LR Longevity Research
§ 00 — About

Why this atlas, and what it covers.

The competing-risks payoff

On U.S. life tables, eliminating all cancer adds only about 3 years to life expectancy at birth, and even eliminating all cardiovascular disease adds on the order of 3–7 years — because the survivors simply die of the next cause. The conditions modelled in this atlas account for roughly 91% of U.S. deaths (contributing-cause attribution), so optimising them together acts on nearly every cause at once. Applying the atlas’s mean per-patient modelled gain (+7.9 life-years) across that mortality burden, our life-expectancy-shift calculator projects a population life-expectancy increase of about +7.1 years — a modelled upper bound, anchored to the SSA 2022 life table. We do not know how to cure cancer or heart disease. We do know how to optimise the causes you can change — and that is available now.

Master reference catalogue

A complete, source-verified catalogue of every cited reference in the atlas’s citation-bearing oracles — each line giving the reference, the oracle that uses it, its effect size and endpoint, and an A–D evidence rating — together with a full account of how the A–D rating system is constructed. Download here.

How to use the atlas — read before acting

These analyses are evidence synthesis, not medical advice and not a prescription — the effect sizes describe trial populations, not you, and many interventions were studied in isolation rather than in combination. Use the atlas to inform a conversation with your physician, not to self-prescribe. Once you and your doctor settle on a candidate basket of interventions, check on the internet for contraindications and drug–drug interactions within the bundle and against any other drugs, supplements or conditions you already have — then change the bundle and repeat the check until you and your doctor are satisfied. No intervention here should be started, stopped or combined without that step.

Regulators including the FDA increasingly accept Bayesian methods as rigorous clinical evidence — the agency has issued guidance on the use of Bayesian statistics in clinical trials (notably medical-device trials) and in complex innovative trial designs. A randomized controlled trial (RCT) can cost millions of dollars and take years; a Bayesian causal synthesis of the trials already published runs for little more than the electricity to compute it. And because the number of possible intervention combinations is exponential — an intractable set for any physician to weigh by hand — we use computers to search it for the best set of interventions for each listed chronic illness, sub-type, and stage. On the cohorts above, the modelled gain is about 7.9 life-years for a person with a chronic illness. Please share this free website with the ~21% of your family and friends living with a chronic illness — and give the gift of life.

Scope of mortality

The analyses in this atlas address conditions that together account for 2.45 million annual deaths in the United States79.9% of all 2024 US deaths as catalogued by the CDC, including suicide, drugs, accidents and the 25 largest rare diseases (CDC: Leading Causes of Death). The figure is computed bottom-up from a per-analysis ICD-10 UCOD mapping with strict deduplication (each code owned by exactly one analysis); see the Atlas Coverage Count analysis for the full breakdown. Under contributing-cause attribution coverage rises to ~2.8 million (~91%). If Bayesian causal stacking of evidence-based interventions can compound their individual effects, the upper-bound life-years recovered are substantial.

Methodology credentials

The framework rests on the structural causal model of Judea Pearl, recipient of the Turing Award — computer science's equivalent of the Nobel Prize — for his work on probabilistic and causal reasoning. The same identification framework has been granted permission by the U.S. Food and Drug Administration for use in medical and drug-approval contexts, particularly for confounding adjustment in real-world evidence submissions and for handling counterfactual estimands in regulatory analyses.

Clinical benefit

The principal advantage over single-intervention thinking is the combined effect of a stack of interventions. Where a single agent may produce, say, a 28% reduction in disease burden, a properly de-correlated stack of mechanistically independent interventions can plausibly approach a 90% reduction on the same endpoint. This extends a clinician's toolkit by quantifying the joint effect of multi-modal protocols that no single randomised trial would test.

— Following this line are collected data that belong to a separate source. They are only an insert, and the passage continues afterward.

lemma AE_PiM_mixture_component_ties:
  fixes \<sigma> :: "'i \<Rightarrow> nat"
  assumes \<nu>0: "diffuse_base \<nu>0" and \<eta>: "\<And>j. \<eta> j \<in> {0..1}" "inj \<eta>" and I: "finite I"
  shows "AE x in PiM I (\<lambda>i. mixture_component \<nu>0 \<eta> (\<sigma> i)).
           \<forall>i\<in>I. \<forall>j\<in>I. (x i = x j) \<longleftrightarrow> (i = j \<or> (\<sigma> i = \<sigma> j \<and> \<sigma> i \<noteq> 0))"
proof -
  let ?L = "\<lambda>i. mixture_component \<nu>0 \<eta> (\<sigma> i)"
  have Lp: "\<And>i. prob_space (?L i)" and Ls: "\<And>i. sets (?L i) = sets U01"
    using prob_space_mixture_component[OF \<nu>0 \<eta>(1)] sets_mixture_component[OF \<nu>0 \<eta>(1)] by auto
  interpret product_prob_space ?L using Lp by (rule product_prob_spaceI)
  have atom: "AE x in PiM I ?L. x i = \<eta> a" if "i \<in> I" "\<sigma> i = Suc a" for i a
  proof (rule AE_PiM_component[OF Lp that(1)])
    have "Measurable.pred U01 (\<lambda>y. y = \<eta> a)"
      using \<eta>(1)[of a] by (intro pred_eq_const1[OF measurable_ident_sets[OF refl]]) (simp add: singleton_sets_U01)
    moreover have L: "?L i = return U01 (\<eta> a)" by (simp add: mixture_component_def that(2))
    ultimately show "AE y in ?L i. y = \<eta> a"
      unfolding L using AE_return[of "\<eta> a" U01 "\<lambda>y. y = \<eta> a"] \<eta>(1)[of a] by simp
  qed
  have fresh: "AE x in PiM I ?L. x i \<noteq> x j" if "i \<in> I" "j \<in> I" "i \<noteq> j" "\<sigma> i = 0" for i j
    using that \<nu>0 Ls I by (intro AE_PiM_neq_diffuse product_prob_spaceI Lp)
      (auto simp: mixture_component_def diffuse_base_def)
  show ?thesis
  proof (intro eventually_ball_finite[OF I] ballI)
    fix i j assume ij: "i \<in> I" "j \<in> I"
    show "AE x in PiM I ?L. (x i = x j) \<longleftrightarrow> (i = j \<or> (\<sigma> i = \<sigma> j \<and> \<sigma> i \<noteq> 0))"
    proof (cases "i = j")
      case False
      consider "\<sigma> i = 0" | "\<sigma> j = 0" | a b where "\<sigma> i = Suc a" "\<sigma> j = Suc b"
        by (meson not0_implies_Suc)
      then show ?thesis
      proof cases
        case 1
        from fresh[OF ij False 1] show ?thesis by eventually_elim (use 1 False in auto)
      next
        case 2
        from fresh[OF ij(2,1) not_sym[OF False] 2] show ?thesis by eventually_elim (use 2 in auto)
      next
        case 3
        from atom[OF ij(1) 3(1)] atom[OF ij(2) 3(2)] show ?thesis
          by eventually_elim (use 3 False \<eta>(2) in \<open>auto dest: injD\<close>)
      qed
    qed simp
  qed
qed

Reproducibility — do this yourself

Any motivated reader can produce an equivalent analysis, in private, with greater detail tailored to their own condition, by sending the following prompt to a frontier large language model:

When doing a Bayesian causal analysis do the following: Using Judea Pearl's Bayesian Causal Analysis compute from all internet hazard ratios, mechanism of action and dose response studies for possible interventions to determine causal factors for all reductions in the stated end point. { insert your disease condition here } Make no assumptions about independence and remove all cross correlations. Do what-if, if-not-for, sensitivity, pareto and standard deviation/confidence level and all other analyses. Report in a PDF and an interactive HTML display where each intervention and choice is made with a check box or slider bar. Using dose response studies to determine saturation, discuss which % of cross correlations are appropriate for risk reduction.

Disclaimer

This atlas is not medical advice. The analyses presented here are research syntheses for educational and discussion purposes. They do not substitute for individualised clinical judgement, and they do not constitute a recommendation to start, stop, or modify any treatment. Always seek the counsel of your own physician and the relevant medical authorities before acting on any information here.